Search code examples
pythonpython-3.xmachine-learningcategorical-dataone-hot-encoding

Python3: how to select columns I want and avoid keyerror if they are absent


I have some categorical values

E.g. things = 'cat', dog', 'pen', 'bar'

Which I encode to numerical values via OneHotEncoding:

car dog pen bar
1   1   1   1

I want to use some of the columns in my dataset.
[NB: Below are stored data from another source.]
lemma distr_cube_singleton_embedding:
  "distr Imeas (cube {k}) (\<lambda>t. (\<lambda>_. undefined)(k := t)) = cube {k}"
proof -
  have proj: "(\<lambda>x. x k) \<in> measurable (cube {k}) Imeas"
    unfolding cube_def by (rule measurable_component_singleton) simp
  have "distr Imeas (cube {k}) (\<lambda>t. (\<lambda>_. undefined)(k := t))
      = distr (distr (cube {k}) Imeas (\<lambda>x. x k)) (cube {k}) (\<lambda>t. (\<lambda>_. undefined)(k := t))"
    unfolding cube_def by (simp add: product_sigma_finite.distr_singleton[OF product_sigma_finite_Imeas])
  also have "\<dots> = distr (cube {k}) (cube {k}) (\<lambda>x. x)"
    by (subst distr_distr[OF measurable_cube_singleton_embedding proj], rule distr_cong)
       (auto simp: space_cube PiE_iff extensional_def fun_eq_iff)
  finally show ?thesis by simp
qed

lemma AE_Imeas_of_AE_cube_singleton:
  assumes "AE x in cube {k}. P (x k)"
  shows "AE t in Imeas. P t"
proof -
  have "AE x in distr Imeas (cube {k}) (\<lambda>t. (\<lambda>_. undefined)(k := t)). P (x k)"
    unfolding distr_cube_singleton_embedding by (rule assms)
  from AE_distrD[OF measurable_cube_singleton_embedding this] show ?thesis
    by simp
qed

lemma AE_integrable_cube_section:
  fixes f :: "(nat \<Rightarrow> real) \<Rightarrow> real"
  assumes "I \<inter> J = {}" "finite I" "finite J" and "integrable (cube (I \<union> J)) f"
  shows "AE y in cube I. integrable (cube J) (\<lambda>z. f (merge I J (y, z)))"
proof -
  interpret pair_sigma_finite "cube I" "cube J"
    using assms by (simp add: pair_sigma_finite_cube)
  have "integrable (distr (cube I \<Otimes>\<^sub>M cube J) (cube (I \<union> J)) (merge I J)) f"
    using assms by (subst distr_merge_cube) auto
  then have "integrable (cube I \<Otimes>\<^sub>M cube J) (\<lambda>x. f (merge I J x))"
    using integrable_distr_eq[OF measurable_merge_cube borel_measurable_integrable[OF assms(4)]]
    by simp
  then show ?thesis
    by (rule AE_integrable_fst')
qed

lemma AE_integrable_cube_fun_upd_section:
  fixes f :: "(nat \<Rightarrow> real) \<Rightarrow> real"
  assumes "finite A" "k \<in> A" "finite B" "k \<notin> B" and "integrable (cube (insert k B)) f"
  shows "AE y in cube A. integrable (cube B) (\<lambda>z. f (z(k := y k)))"
proof -
  have "AE w in cube {k}. integrable (cube B) (\<lambda>z. f (merge {k} B (w, z)))"
    using assms by (intro AE_integrable_cube_section) auto
  then have "AE w in cube {k}. integrable (cube B) (\<lambda>z. f (z(k := w k)))"
  proof (rule eventually_mono)
    fix w
    have "merge {k} B (w, z) = z(k := w k)" if "z \<in> space (cube B)" for z
      using that \<open>k \<notin> B\<close> by (auto simp: space_cube PiE_iff extensional_def merge_def)
    then show "integrable (cube B) (\<lambda>z. f (merge {k} B (w, z))) \<Longrightarrow> integrable (cube B) (\<lambda>z. f (z(k := w k)))"
      using Bochner_Integration.integrable_cong[where M="cube B" and N="cube B" and f="\<lambda>z. f (merge {k} B (w, z))"
          and g="\<lambda>z. f (z(k := w k))"] by simp
  qed
  from AE_cube_restrict[OF assms(1) _ this] show ?thesis
    using assms(2) by simp
qed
E.g. car dog pen and not bar.

I do it by defining the specific columns:

dataset = dataset[['car', 'dog', 'pen']]

But sometimes some of the columns I want - are absent in my dataset, e.g. 'car'

Then Python prints the error:

KeyError: "['car'] not in index"

How can I solve the problem:

  1. to have the columns I want
  2. to avoid the error if the columns I want are absent

Solution

  • You can do some sanity checks. An example is the following function:

    def custom_dataset(dataset, req_cols):
        in_, out_ = [], []
        if isinstance(dataset, pd.DataFrame):  # optional
            for col in req_cols:  # check for every existing column
                if col in dataset.columns:
                    in_.append(col)  # append those that are in (i.e. valid)
                else:
                    out_.append(col)  # append those that are NOT in (i.e. invalid)
        return dataset[in_] if in_ else None, out_ if out_ else None
    

    As you can see, it returns a tuple of two elements:

    1. The dataset required of the existing columns only, otherwise it returns None (so you can check for None on the result to avoid errors).
    2. A list of non-found columns (for your records). Otherwise, if all found, it returns None.

    Even if the dataset is not an instance of DataFrame or the user did not provide any columns to collect, the function won't throw an error but rather it will return (None, None).